» **Exercise details**:
Among the lines below, list those containing the string "lambda".

» **Exercise data**:
···

(* Let $F$ be the elementary cellular automaton with rule number 152. For every nonempty finite word $u\in\{0,1\}^*$, the deterministic communication complexity of $\textsc{SInv}_{F,u}$ restricted to inputs of length $n$ is bounded by a constant independent of $n$.
   Context: An elementary cellular automaton (ECA) with rule number $N\in\{0,\dots,255\}$ is the map $F:\{0,1\}^{\mathbb Z}\to\{0,1\}^{\mathbb Z}$ given by $F(x)_i=f(x_{i-1},x_i,x_{i+1})$. Here the local rule $f:\{0,1\}^3\to\{0,1\}$ is determined by $N=\sum_{a,b,c\in\{0,1\}}2^{4a+2b+c}f(a,b,c)$. For a nonempty finite word $u$, $p_u\in\{0,1\}^{\mathbb Z}$ is defined by $(p_u)_i=u_{i\bmod |u|}$. For a finite word $x$, $p_u[x]$ is the configuration equal to $x$ on positions $0,\dots,|x|-1$ and to $p_u$ elsewhere. $\textsc{SInv}_{F,u}$ is the decision problem: on input a finite word $x$, decide whether there is an integer $w$ such that for all $t\ge0$ the set of positions where $F^t(p_u)$ and $F^t(p_u[x])$ differ is contained in an interval of length $w$. For each $n$, it is regarded as a function $\{0,1\}^n\to\{0,1\}$. For a function $g:X\times Y\to Z$, $D(g)$ is the minimal depth of a deterministic two-party protocol computing $g$. In such a protocol, Alice knows $x$ and Bob knows $y$. The protocol is a binary tree: each internal node is labelled by a function of Alice's input only or of Bob's input only, with values in $\{\text{left},\text{right}\}$, and each leaf is labelled by an output value. For $g:\{0,1\}^m\to Z$, set $D(g)=\max_{0\le i<m}D(g_i)$, where $g_i:\{0,1\}^i\times\{0,1\}^{m-i}\to Z$ is $g_i(x,y)=g(xy)$. *)

theory Defs
  imports Main
begin

type_synonym config = "int \<Rightarrow> bool"

definition local_rule :: "nat \<Rightarrow> bool \<Rightarrow> bool \<Rightarrow> bool \<Rightarrow> bool" where
  "local_rule N a b c = bit N (4 * of_bool a + 2 * of_bool b + of_bool c)"

definition eca :: "nat \<Rightarrow> config \<Rightarrow> config" where
  "eca N x = (\<lambda>i. local_rule N (x (i - 1)) (x i) (x (i + 1)))"

definition per :: "bool list \<Rightarrow> config" where
  "per u = (\<lambda>i. u ! nat (i mod int (length u)))"

definition per_patch :: "bool list \<Rightarrow> bool list \<Rightarrow> config" where
  "per_patch u x = (\<lambda>i. if 0 \<le> i \<and> i < int (length x) then x ! nat i else per u i)"

definition SInv :: "nat \<Rightarrow> bool list \<Rightarrow> bool list \<Rightarrow> bool" where
  "SInv N u x = (\<exists>w::int. \<forall>t::nat. \<exists>a::int.
      {i. (eca N ^^ t) (per u) i \<noteq> (eca N ^^ t) (per_patch u x) i} \<subseteq> {a..a + w})"

datatype ('a, 'b, 'z) protocol =
    Leaf 'z
  | AliceNode "'a \<Rightarrow> bool" "('a, 'b, 'z) protocol" "('a, 'b, 'z) protocol"
  | BobNode "'b \<Rightarrow> bool" "('a, 'b, 'z) protocol" "('a, 'b, 'z) protocol"

fun run :: "('a, 'b, 'z) protocol \<Rightarrow> 'a \<Rightarrow> 'b \<Rightarrow> 'z" where
  "run (Leaf z) x y = z"
| "run (AliceNode f l r) x y = (if f x then run r x y else run l x y)"
| "run (BobNode f l r) x y = (if f y then run r x y else run l x y)"

fun depth :: "('a, 'b, 'z) protocol \<Rightarrow> nat" where
  "depth (Leaf z) = 0"
| "depth (AliceNode f l r) = Suc (max (depth l) (depth r))"
| "depth (BobNode f l r) = Suc (max (depth l) (depth r))"

definition comm_cc :: "'a set \<Rightarrow> 'b set \<Rightarrow> ('a \<Rightarrow> 'b \<Rightarrow> 'z) \<Rightarrow> nat" where
  "comm_cc X Y g = (LEAST d. \<exists>P :: ('a, 'b, 'z) protocol.
       depth P = d \<and> (\<forall>x\<in>X. \<forall>y\<in>Y. run P x y = g x y))"

definition words :: "nat \<Rightarrow> bool list set" where
  "words n = {w. length w = n}"

definition comm_cc_word :: "nat \<Rightarrow> (bool list \<Rightarrow> 'z) \<Rightarrow> nat" where
  "comm_cc_word m g = Max (insert 0
      ((\<lambda>i. comm_cc (words i) (words (m - i)) (\<lambda>x y. g (x @ y))) ` {..<m}))"

end

theory Submission
  imports Defs
begin

(* Rule 152 maps x to 1 at i exactly when x(i)x(i+1) = 11 or x(i-1)x(i)x(i+1) = 100.
   Two regimes govern its dynamics:
   - a configuration is sparse if every 1 is followed by two 0s; rule 152 acts on sparse
     configurations as the right shift, and sparseness is preserved;
   - if no m+1 consecutive cells are 1 (m >= 2), then after one step no m consecutive cells are 1,
     and once there are no two adjacent 1s the next configuration is sparse.
   If u contains a 0, both p_u and p_u[x] have bounded runs of 1s, hence become sparse after
   finitely many steps; from then on both are shifted, so their difference set (confined to a light
   cone until then) keeps a bounded width: SInv holds for every x.
   If u = 1...1, then p_u is the all-ones fixed point, and a 0 in x produces a left front moving
   left at speed 1 and a right front that stays put: SInv holds iff x consists of 1s only.
   So SInv is either constant or the conjunction of "Alice's part is all 1s" and "Bob's part is
   all 1s", which a protocol of depth 2 computes for every cut. *)

lemma eca152:
  "eca 152 c i = (c i \<and> c (i+1) \<or> c (i-1) \<and> \<not> c i \<and> \<not> c (i+1))"
  unfolding eca_def local_rule_def
  by (cases "c (i-1)"; cases "c i"; cases "c (i+1)") (simp_all add: bit_iff_odd)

···

» **Answer for this exercise**:
  "eca N x = (\<lambda>i. local_rule N (x (i - 1)) (x i) (x (i + 1)))"
  "per u = (\<lambda>i. u ! nat (i mod int (length u)))"
  "per_patch u x = (\<lambda>i. if 0 \<le> i \<and> i < int (length x) then x ! nat i else per u i)"
      ((\<lambda>i. comm_cc (words i) (words (m - i)) (\<lambda>x y. g (x @ y))) ` {..<m}))"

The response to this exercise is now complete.